> _REQUIRED WORK_
Repeat exactly, and only, the lines below starting at the line that contains "define z where" and ending at the line that contains "cell is small.\<close>", inclusive of both.

Start of Block

lemma Rcontinuous_onI:
  "(\<And>x. x \<in> U \<Longrightarrow> (f \<longlongrightarrow> f x) (Rnhds n U x)) \<Longrightarrow> Rcontinuous_on n U f"
  by (simp add: Rcontinuous_on_tendsto)

lemma Rcontinuous_onD:
  "Rcontinuous_on n U f \<Longrightarrow> x \<in> U \<Longrightarrow> (f \<longlongrightarrow> f x) (Rnhds n U x)"
  by (simp add: Rcontinuous_on_tendsto)

lemma Rcontinuous_on_subset:
  "Rcontinuous_on n U f \<Longrightarrow> V \<subseteq> U \<Longrightarrow> Rcontinuous_on n V f"
  unfolding Rcontinuous_on_def by (meson subsetD)

lemma Rcontinuous_on_cong:
  "Rcontinuous_on n U f \<Longrightarrow> (\<And>x. x \<in> U \<Longrightarrow> f x = g x) \<Longrightarrow> Rcontinuous_on n U g"
  unfolding Rcontinuous_on_def by metis

lemma Rcontinuous_on_less:
  assumes "Rcontinuous_on n S f" "x \<in> S" "f x < (c::ereal)"
  shows "\<exists>e>0. \<forall>y\<in>S. Rdist n x y < e \<longrightarrow> f y < c"
proof -
  have "\<exists>e>0. \<forall>y\<in>S. Rdist n x y < e \<longrightarrow> f y \<in> {..< c}"
    using assms unfolding Rcontinuous_on_def by (meson lessThan_iff open_lessThan)
  then show ?thesis by simp
qed

lemma tendsto_coord_Rnhds:
  assumes "i < n"
  shows "((\<lambda>y. y i) \<longlongrightarrow> x i) (Rnhds n U x)"
proof (rule tendstoI)
  fix e :: real assume "e > 0"
  then show "eventually (\<lambda>y. dist (y i) (x i) < e) (Rnhds n U x)"
    unfolding eventually_Rnhds
  proof (intro exI[of _ e] conjI ballI impI)
    fix y assume "Rdist n x y < e"
    then show "dist (y i) (x i) < e"
      using Rdist_coord[OF assms, of x y] by (simp add: dist_real_def abs_minus_commute)
  qed (rule \<open>e > 0\<close>)
qed

lemma Rcontinuous_on_coord: "i < n \<Longrightarrow> Rcontinuous_on n U (\<lambda>y. y i)"
  by (rule Rcontinuous_onI) (rule tendsto_coord_Rnhds)

lemma Rcontinuous_on_const: "Rcontinuous_on n U (\<lambda>y. c)"
  by (rule Rcontinuous_onI) simp

lemma Rcontinuous_on_add:
  fixes f g :: "(nat \<Rightarrow> real) \<Rightarrow> real"
  shows "Rcontinuous_on n U f \<Longrightarrow> Rcontinuous_on n U g \<Longrightarrow> Rcontinuous_on n U (\<lambda>x. f x + g x)"
  by (auto simp: Rcontinuous_on_tendsto intro!: tendsto_add)
lemma grid_point_cell:
  assumes "0 < p" "\<forall>j<n. q j < p" "\<forall>j<n. q j \<le> r j \<and> r j \<le> q j + 1"
  shows "grid_point p r \<in> unit_cube n"
    and "\<forall>i<n. \<bar>grid_point p r i - grid_point p q i\<bar> \<le> inverse (real p)"
proof -
  show "grid_point p r \<in> unit_cube n"
  proof (rule grid_point_in_unit_cube[OF \<open>0 < p\<close>], intro allI impI)
    fix i assume "i < n"
    then have "q i < p" "r i \<le> q i + 1" using assms(2,3) by auto
    then show "r i \<le> p" by linarith
  qed
  show "\<forall>i<n. \<bar>grid_point p r i - grid_point p q i\<bar> \<le> inverse (real p)"
  proof (intro allI impI)
    fix i assume "i < n"
    then have "0 \<le> real (r i) - real (q i)" "real (r i) - real (q i) \<le> 1"
      using assms(3) by auto
    moreover have "grid_point p r i - grid_point p q i = (real (r i) - real (q i)) / real p"
      by (simp add: grid_point_def diff_divide_distrib)
    ultimately show "\<bar>grid_point p r i - grid_point p q i\<bar> \<le> inverse (real p)"
      by (simp add: inverse_eq_divide divide_right_mono)
  qed
qed

lemma approx_fixpoint_unit_cube:
  assumes maps: "g ` unit_cube n \<subseteq> unit_cube n"
    and uc: "coord_uniformly_continuous_on n (unit_cube n) g" and "0 < e"
  obtains t where "t \<in> unit_cube n" "\<forall>i<n. \<bar>g t i - t i\<bar> < e"
proof -
  obtain d where "0 < d" and d: "\<forall>s\<in>unit_cube n. \<forall>t\<in>unit_cube n.
      (\<forall>j<n. \<bar>s j - t j\<bar> < d) \<longrightarrow> (\<forall>i<n. \<bar>g s i - g t i\<bar> < e/2)"
    using uc[unfolded coord_uniformly_continuous_on_def, rule_format, of "e/2"] \<open>0 < e\<close> by auto
  obtain p :: nat where "0 < p" and p: "inverse (real p) < min d (e/2)"
    using ex_inverse_of_nat_less[of "min d (e/2)"] \<open>0 < d\<close> \<open>0 < e\<close> by auto
  define label where "label x i =
    (if grid_point p x i < 1 \<and> grid_point p x i \<le> g (grid_point p x) i then 0 else 1::nat)" for x i
  obtain q where q: "\<forall>i<n. q i < p"
    and cell: "\<forall>i<n. \<exists>r s. (\<forall>j<n. q j \<le> r j \<and> r j \<le> q j + 1) \<and>
                 (\<forall>j<n. q j \<le> s j \<and> s j \<le> q j + 1) \<and> label r i \<noteq> label s i"
  proof (rule kuhn_lemma[of p n label])
    show "\<forall>x. (\<forall>i<n. x i \<le> p) \<longrightarrow> (\<forall>i<n. x i = 0 \<longrightarrow> label x i = 0)"
    proof (intro allI impI)
      fix x i assume x: "\<forall>i<n. x i \<le> p" and "i < n" "x i = 0"
      have "g (grid_point p x) \<in> unit_cube n"
        using maps grid_point_in_unit_cube[OF \<open>0 < p\<close> x] by blast
      with \<open>i < n\<close> \<open>x i = 0\<close> show "label x i = 0"
        by (simp add: label_def grid_point_def unit_cube_def)
    qed
    show "\<forall>x. (\<forall>i<n. x i \<le> p) \<longrightarrow> (\<forall>i<n. x i = p \<longrightarrow> label x i = 1)"
      using \<open>0 < p\<close> by (auto simp: label_def grid_point_def)
  qed (auto simp: \<open>0 < p\<close> label_def)
  define z where "z = grid_point p q"
  have z: "z \<in> unit_cube n"
    unfolding z_def using \<open>0 < p\<close> q by (intro grid_point_in_unit_cube) (auto intro: less_imp_le)
  have "\<bar>g z i - z i\<bar> < e" if "i < n" for i
  proof -
    obtain r s where r: "\<forall>j<n. q j \<le> r j \<and> r j \<le> q j + 1"
      and s: "\<forall>j<n. q j \<le> s j \<and> s j \<le> q j + 1" and "label r i \<noteq> label s i"
      using cell \<open>i < n\<close> by blast
    \<comment> \<open>Across the cell, g i - t i changes sign, and the cell is small.\<close>
    have near: "\<bar>g (grid_point p v) i - g z i\<bar> < e/2" "\<bar>grid_point p v i - z i\<bar> < e/2"
      if "\<forall>j<n. q j \<le> v j \<and> v j \<le> q j + 1" for v
      using grid_point_cell[OF \<open>0 < p\<close> q that] d z \<open>i < n\<close> p unfolding z_def by fastforce+
    have range: "0 \<le> g (grid_point p v) i \<and> g (grid_point p v) i \<le> 1"
      if "\<forall>j<n. q j \<le> v j \<and> v j \<le> q j + 1" for v
      using grid_point_cell(1)[OF \<open>0 < p\<close> q that] maps \<open>i < n\<close> by (auto simp: unit_cube_def)
    have "grid_point p r i \<le> g (grid_point p r) i \<and> g (grid_point p s) i \<le> grid_point p s i
        \<or> g (grid_point p r) i \<le> grid_point p r i \<and> grid_point p s i \<le> g (grid_point p s) i"
      using \<open>label r i \<noteq> label s i\<close> range[OF r] range[OF s]
      by (auto simp: label_def split: if_splits)
    then show ?thesis
      using near[OF r] near[OF s] unfolding abs_less_iff by linarith
  qed
  with z that show ?thesis by blast
qed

End of Block

> _REPLY_
  define z where "z = grid_point p q"
  have z: "z \<in> unit_cube n"
    unfolding z_def using \<open>0 < p\<close> q by (intro grid_point_in_unit_cube) (auto intro: less_imp_le)
  have "\<bar>g z i - z i\<bar> < e" if "i < n" for i
  proof -
    obtain r s where r: "\<forall>j<n. q j \<le> r j \<and> r j \<le> q j + 1"
      and s: "\<forall>j<n. q j \<le> s j \<and> s j \<le> q j + 1" and "label r i \<noteq> label s i"
      using cell \<open>i < n\<close> by blast
    \<comment> \<open>Across the cell, g i - t i changes sign, and the cell is small.\<close>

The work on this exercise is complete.